The Armed Forces of Ukraine (AFU) have launched a fresh offensive in Russia’s western Kursk region, which has been under partial Ukrainian control since August, the head of the Office of the President of Ukraine, Andriy Yermak, announced on Sunday.
Yermak wrote that Russia would “get what’s coming for it” in the Kursk region, but did not provide any more details.
Andriy Kovalenko, the head of the Centre for Countering Disinformation at Ukraine’s National Security and Defence Council, confirmed that the AFU had begun a new advance in the region, which borders northern Ukraine, launching attacks on Russian positions “from several directions, which caught them by surprise”.
The new offensive was first reported by Russian pro-war bloggers and Telegram channels on Sunday morning, with pro-Kremlin Telegram channel Rybar reporting that the AFU had begun its new advance from the Russian town of Sudzha, which has been under Ukrainian control since August, and that its forces were moving further east, towards the village of Bolshoye Soldatskoye.
Capturing Bolshoye Soldatskoye would be “one of the most difficult” objectives for the AFU, according to Russian military blogger Roman Alyokhin, who wrote that the Ukrainian military was using tanks, armoured vehicles and electronic warfare techniques to render Russian drones ineffective.
The Russian Defence Ministry said that the AFU had attempted to advance to the northeast of Sudzha on Sunday morning but that the attack had been “thwarted” by the Russian army, state news agency TASS reported.
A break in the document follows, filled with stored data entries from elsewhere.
(* For any pair of distinct letters $a,b\in V\Psi$, the vertex rim of $\mathrm{Fan}(a,b)$ is a reduced word in the letters of $V\Psi$, and the edge-rim of $\mathrm{Fan}(a,b)$ is a reduced word in the letters $\{x_e\}_{e\in E\Psi}$.
   Context: Let $(\Psi,\lambda)$ be a LOG presentation: $\Psi$ is a directed graph, with $\partial_-e,\partial_+e$ the initial and terminal vertices of $e\in E\Psi$, and $\lambda:E\Psi\to V\Psi$ is a labeling. The group $G(\Psi,\lambda)$ has generating set $V\Psi$ and relations $r_e=(\lambda e)(\partial_+e)(\lambda e)^{-1}(\partial_-e)^{-1}$, $e\in E\Psi$. Let $P(\Psi,\lambda)$ be the presentation 2-complex (single vertex $\ast$, one unit square cell $C_e$ per relation), and let $h:G(\Psi,\lambda)\to\mathbb{Z}$ be the epimorphism sending every generator to $1$, extended to a Morse function. For $e\in E\Psi$, $x_e\in\ker(h)$ denotes the element with $\partial_-e\cdot x_e=\lambda e$ (represented by the diagonal of $C_e$ at the middle level). $C_e^+$ is $C_e$ oriented so that its boundary reads $(\lambda e)(\partial_+e)(\lambda e)^{-1}(\partial_-e)^{-1}$, $C_e^-$ the reverse orientation; the vertex rims are $(\partial_-e)^{-1}(\lambda e)$ for $C_e^+$ and $(\lambda e)^{-1}(\partial_-e)$ for $C_e^-$, and the edge rims are $x_e^{\pm1}$ respectively. The link $\mathrm{Lk}(\ast,P(\Psi,\lambda))$ is the graph on vertices $v^\pm$, $v\in V\Psi$, with $u^{\epsilon_1},v^{\epsilon_2}$ adjacent iff some cell $C_e$ has adjacent edges $f,g$ labeled $u,v$ with $\partial_{\epsilon_1}f=\partial_{\epsilon_2}g$; the descending link is the full subgraph on $\{v^+\}$, the ascending link the full subgraph on $\{v^-\}$. Assume the link has girth at least $4$ and the ascending and descending links are trees. For an oriented edge $(a^+,b^+)$ of the descending link there is a unique $e\in E\Psi$ with either $\lambda e=a,\partial_+e=b$ or $\lambda e=b,\partial_+e=a$; $C_{(a,b)}$ denotes $C_e$ oriented so that its boundary reads (vertex rim)$\cdot b a^{-1}$. For distinct $a,b\in V\Psi$, let $(a^+=v_0^+,\dots,v_k^+=b^+)$ be the unique simple path in the descending link; $\mathrm{Fan}(a,b)$ is obtained from the cells $C_{(v_{i-1},v_i)}$, $i=1,\dots,k$, by identifying the upper edges of consecutive cells labeled $v_i$. Its vertex rim is the product of the vertex rims of $C_{(v_0,v_1)},\dots,C_{(v_{k-1},v_k)}$ in order, and its edge rim is the corresponding product of their edge rims. *)

theory Defs
  imports Main
begin

(* ---------- LOG presentation data ----------
   The directed graph Psi has vertex type 'v and edge type 'e;
   src e = \<partial>_- e, tgt e = \<partial>_+ e, lab e = \<lambda> e. *)

(* ---------- Words in a free group ----------
   A word is a list of letters (x, True) = x, (x, False) = x^-1. *)
definition reduced_word :: "('x \<times> bool) list \<Rightarrow> bool" where
  "reduced_word w \<longleftrightarrow>
     (\<forall>i. Suc i < length w \<longrightarrow>
        \<not> (fst (w ! i) = fst (w ! Suc i) \<and> snd (w ! i) \<noteq> snd (w ! Suc i)))"

definition connects :: "('c \<Rightarrow> 'w \<times> 'w) \<Rightarrow> 'c \<Rightarrow> 'w \<Rightarrow> 'w \<Rightarrow> bool" where
  "connects ends c u w \<longleftrightarrow> ends c = (u, w) \<or> ends c = (w, u)"

definition mg_walk :: "('c \<Rightarrow> 'w \<times> 'w) \<Rightarrow> 'c set \<Rightarrow> 'w list \<Rightarrow> bool" where
  "mg_walk ends F vs \<longleftrightarrow> vs \<noteq> [] \<and>
     (\<forall>i. Suc i < length vs \<longrightarrow> (\<exists>c\<in>F. connects ends c (vs ! i) (vs ! Suc i)))"

(* a cycle of length n = length vs: distinct vertices, distinct edges, edge i joins v_i and v_{i+1 mod n};
   length 1 = loop, length 2 = pair of parallel edges *)
definition mg_cycle :: "('c \<Rightarrow> 'w \<times> 'w) \<Rightarrow> 'c set \<Rightarrow> 'w list \<Rightarrow> 'c list \<Rightarrow> bool" where
  "mg_cycle ends F vs cs \<longleftrightarrow> vs \<noteq> [] \<and> length cs = length vs \<and> distinct vs \<and> distinct cs \<and>
     set cs \<subseteq> F \<and>
     (\<forall>i < length vs. connects ends (cs ! i) (vs ! i) (vs ! ((Suc i) mod length vs)))"

definition girth_ge4 :: "('c \<Rightarrow> 'w \<times> 'w) \<Rightarrow> bool" where
  "girth_ge4 ends \<longleftrightarrow> (\<forall>vs cs. mg_cycle ends UNIV vs cs \<longrightarrow> 4 \<le> length vs)"

definition full_edges :: "('c \<Rightarrow> 'w \<times> 'w) \<Rightarrow> 'w set \<Rightarrow> 'c set" where
  "full_edges ends W = {c. fst (ends c) \<in> W \<and> snd (ends c) \<in> W}"

definition mg_full_tree :: "('c \<Rightarrow> 'w \<times> 'w) \<Rightarrow> 'w set \<Rightarrow> bool" where
  "mg_full_tree ends W \<longleftrightarrow> W \<noteq> {} \<and>
     (\<forall>u\<in>W. \<forall>w\<in>W. \<exists>vs. mg_walk ends (full_edges ends W) vs \<and> hd vs = u \<and> last vs = w) \<and>
     (\<forall>vs cs. \<not> mg_cycle ends (full_edges ends W) vs cs)"

(* ---------- The square cell C_e ----------
   Corners P0 (bottom), P1, P2 (top), P3; sides
   S0 : P0 -> P1 labelled lab e,  S1 : P1 -> P2 labelled tgt e,
   S2 : P3 -> P2 labelled lab e,  S3 : P0 -> P3 labelled src e,
   so that the boundary read from P0 is (lab e)(tgt e)(lab e)^-1(src e)^-1. *)
datatype side = S0 | S1 | S2 | S3
datatype corner = P0 | P1 | P2 | P3

fun side_label :: "('e \<Rightarrow> 'v) \<Rightarrow> ('e \<Rightarrow> 'v) \<Rightarrow> ('e \<Rightarrow> 'v) \<Rightarrow> 'e \<Rightarrow> side \<Rightarrow> 'v" where
  "side_label src tgt lab e S0 = lab e"
| "side_label src tgt lab e S1 = tgt e"
| "side_label src tgt lab e S2 = lab e"
| "side_label src tgt lab e S3 = src e"

fun side_head :: "side \<Rightarrow> corner" where
  "side_head S0 = P1"
| "side_head S1 = P2"
| "side_head S2 = P2"
| "side_head S3 = P3"

fun corner_sides :: "corner \<Rightarrow> side \<times> side" where
  "corner_sides P0 = (S0, S3)"
| "corner_sides P1 = (S0, S1)"
| "corner_sides P2 = (S1, S2)"
| "corner_sides P3 = (S2, S3)"

(* ---------- The link Lk(star, P(Psi,lambda)) ----------
   vertices (v, True) = v^+, (v, False) = v^-; one edge for each corner of each cell;
   the corner q of C_e joins (label f)^{eps1} and (label g)^{eps2}, f,g the sides at q,
   eps = + iff q is the terminal endpoint of the side. *)
definition lk_ends :: "('e \<Rightarrow> 'v) \<Rightarrow> ('e \<Rightarrow> 'v) \<Rightarrow> ('e \<Rightarrow> 'v) \<Rightarrow> 'e \<times> corner \<Rightarrow> ('v \<times> bool) \<times> ('v \<times> bool)" where
  "lk_ends src tgt lab ec = (case ec of (e, q) \<Rightarrow>
     (case corner_sides q of (f, g) \<Rightarrow>
       ((side_label src tgt lab e f, side_head f = q), (side_label src tgt lab e g, side_head g = q))))"

definition desc_vertices :: "('v \<times> bool) set" where "desc_vertices = {w. snd w}"
definition asc_vertices :: "('v \<times> bool) set" where "asc_vertices = {w. \<not> snd w}"

definition desc_spath :: "('e \<Rightarrow> 'v) \<Rightarrow> ('e \<Rightarrow> 'v) \<Rightarrow> ('e \<Rightarrow> 'v) \<Rightarrow> 'v \<Rightarrow> 'v \<Rightarrow> 'v list \<Rightarrow> bool" where
  "desc_spath src tgt lab a b ps \<longleftrightarrow> ps \<noteq> [] \<and> distinct ps \<and> hd ps = a \<and> last ps = b \<and>
     mg_walk (lk_ends src tgt lab) (full_edges (lk_ends src tgt lab) desc_vertices)
             (map (\<lambda>v. (v, True)) ps)"

definition desc_path :: "('e \<Rightarrow> 'v) \<Rightarrow> ('e \<Rightarrow> 'v) \<Rightarrow> ('e \<Rightarrow> 'v) \<Rightarrow> 'v \<Rightarrow> 'v \<Rightarrow> 'v list" where
  "desc_path src tgt lab a b = (THE ps. desc_spath src tgt lab a b ps)"

(* ---------- Oriented cells and rims ----------
   orientation True = C_e^+, False = C_e^- *)
fun bd_word :: "('e \<Rightarrow> 'v) \<Rightarrow> ('e \<Rightarrow> 'v) \<Rightarrow> ('e \<Rightarrow> 'v) \<Rightarrow> 'e \<Rightarrow> bool \<Rightarrow> ('v \<times> bool) list" where
  "bd_word src tgt lab e True = [(lab e, True), (tgt e, True), (lab e, False), (src e, False)]"
| "bd_word src tgt lab e False = [(src e, True), (lab e, True), (tgt e, False), (lab e, False)]"

fun vrim_cell :: "('e \<Rightarrow> 'v) \<Rightarrow> ('e \<Rightarrow> 'v) \<Rightarrow> ('e \<Rightarrow> 'v) \<Rightarrow> 'e \<Rightarrow> bool \<Rightarrow> ('v \<times> bool) list" where
  "vrim_cell src tgt lab e True = [(src e, False), (lab e, True)]"
| "vrim_cell src tgt lab e False = [(lab e, False), (src e, True)]"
Announcing that he had met with Russian Deputy Defence Minister Yunus-Bek Yevkurov on Sunday morning, acting Kursk Governor Alexander Khinshtein posted a photograph of the two standing beneath a portrait of Vladimir Putin, and though he provided no details of their meeting “for obvious reasons”, he vowed that Kursk region officials would do “everything in their power” to aid the Russian army “in their holy war against Nazism”.
On Friday, Ukrainian President Volodymyr Zelensky described the AFU’s August advance into the Kursk region as “a turning point” in the war, adding that its success had been a “feather in the cap” for Kyiv internationally, particularly among countries in the Global South, many of whom had previously believed Russia to be “invincible”.
Despite the initial success of the AFU’s incursion into the Kursk region on 6 August, Russian forces have continued to retake Ukrainian-held villages in the Kursk region since then in a counteroffensive that has involved North Korean troops. Meanwhile, exhausted Ukrainian troops in the Kursk region were ordered to hold the “maximum territory” possible there until US president-elect Donald Trump’s inauguration on 20 January, the BBC reported in December.